[Opening Material for this task section]

(* Let $\sigma_5=e^{-\pi i/9}\frac{\sqrt5+i\sqrt3}{2}$. (i) The group $\Gamma=\mathcal{S}(2,\sigma_5)$ is generated by $\mathrm{Stab}_\Gamma(m(P^5))\cup\mathrm{Stab}_\Gamma(m(B))$, where $P=R_1J$ and $B=R_2R_3^{-1}R_2^{-1}R_1R_2R_3R_2^{-1}$. (ii) The group $\Gamma=\mathcal{S}(4,\sigma_5)$ is generated by $\mathrm{Stab}_\Gamma(m(R_1))\cup\mathrm{Stab}_\Gamma(m(A))$, where $A$ can be taken to be any one of $(R_1R_2R_3R_2^{-1})^5$, $(R_1R_3^{-1}R_2R_3)^5$, $(R_1R_2^{-1}R_1^{-1}R_3R_1R_2)^5$, $(R_1R_3R_1R_2R_1^{-1}R_3^{-1})^5$.
   Context: Let $p\ge2$ be an integer and $\tau\in\mathbb{C}$. Set $u=e^{2\pi i/(3p)}$, $\alpha=2-u^3-\bar u^3$, $\beta=(\bar u^2-u)\tau$ and $H=\begin{pmatrix}\alpha&\beta&\bar\beta\\ \bar\beta&\alpha&\beta\\ \beta&\bar\beta&\alpha\end{pmatrix}$, a Hermitian matrix (of signature $(2,1)$ for the parameters considered) defining the form $\langle X,Y\rangle=Y^*HX$. Let $R_1=\begin{pmatrix}u^2&\tau&-u\bar\tau\\0&\bar u&0\\0&0&\bar u\end{pmatrix}$, $J=\begin{pmatrix}0&0&1\\1&0&0\\0&1&0\end{pmatrix}$, $R_2=JR_1J^{-1}$, $R_3=JR_2J^{-1}$. The group $\mathcal{S}(p,\tau)$ is the subgroup of $U(H)$ generated by $R_1$ and $J$, acting on $H^2_{\mathbb{C}}=\{[X]:\langle X,X\rangle<0\}$ through its image in $PU(H)$; all statements refer to this image. The elements $P^5$, $B$, $R_1$ and the listed $A$ are complex reflections (non-identity elements fixing pointwise a complex line) in the relevant groups; for such an element $A$, $m(A)$ denotes its mirror (fixed complex line), and $\mathrm{Stab}_\Gamma(m)$ is the setwise stabilizer of $m$ in $\Gamma$. *)

theory Defs
  imports "HOL-Analysis.Analysis"
begin

type_synonym cmat = "complex^3^3"
type_synonym cvec = "complex^3"

definition uu :: "nat \<Rightarrow> complex" where
  "uu p = exp (2 * pi * \<i> / (3 * of_nat p))"

definition alphaS :: "nat \<Rightarrow> complex" where
  "alphaS p = 2 - (uu p)^3 - (cnj (uu p))^3"

definition betaS :: "nat \<Rightarrow> complex \<Rightarrow> complex" where
  "betaS p \<tau> = ((cnj (uu p))^2 - uu p) * \<tau>"

definition Hmat :: "nat \<Rightarrow> complex \<Rightarrow> cmat" where
  "Hmat p \<tau> = (let a = alphaS p; b = betaS p \<tau> in
     vector [vector [a, b, cnj b], vector [cnj b, a, b], vector [b, cnj b, a]])"

definition hform :: "cmat \<Rightarrow> cvec \<Rightarrow> cvec \<Rightarrow> complex" where
  "hform H X Y = (\<Sum>i\<in>UNIV. \<Sum>j\<in>UNIV. cnj (Y $ i) * (H $ i $ j) * (X $ j))"

definition R1m :: "nat \<Rightarrow> complex \<Rightarrow> cmat" where
  "R1m p \<tau> = (let u = uu p in
     vector [vector [u^2, \<tau>, - u * cnj \<tau>], vector [0, cnj u, 0], vector [0, 0, cnj u]])"

definition Jm :: cmat where
  "Jm = vector [vector [0, 0, 1], vector [1, 0, 0], vector [0, 1, 0]]"

definition R2m :: "nat \<Rightarrow> complex \<Rightarrow> cmat" where
  "R2m p \<tau> = Jm ** R1m p \<tau> ** matrix_inv Jm"

definition R3m :: "nat \<Rightarrow> complex \<Rightarrow> cmat" where
  "R3m p \<tau> = Jm ** R2m p \<tau> ** matrix_inv Jm"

[Closing Material for this task section]

• _Task description_
Copy out the lines above, from the one holding "0, 1], vector" through the final line, with no other lines.

• _Exercise solution_
  "Jm = vector [vector [0, 0, 1], vector [1, 0, 0], vector [0, 1, 0]]"

definition R2m :: "nat \<Rightarrow> complex \<Rightarrow> cmat" where
  "R2m p \<tau> = Jm ** R1m p \<tau> ** matrix_inv Jm"

definition R3m :: "nat \<Rightarrow> complex \<Rightarrow> cmat" where
  "R3m p \<tau> = Jm ** R2m p \<tau> ** matrix_inv Jm"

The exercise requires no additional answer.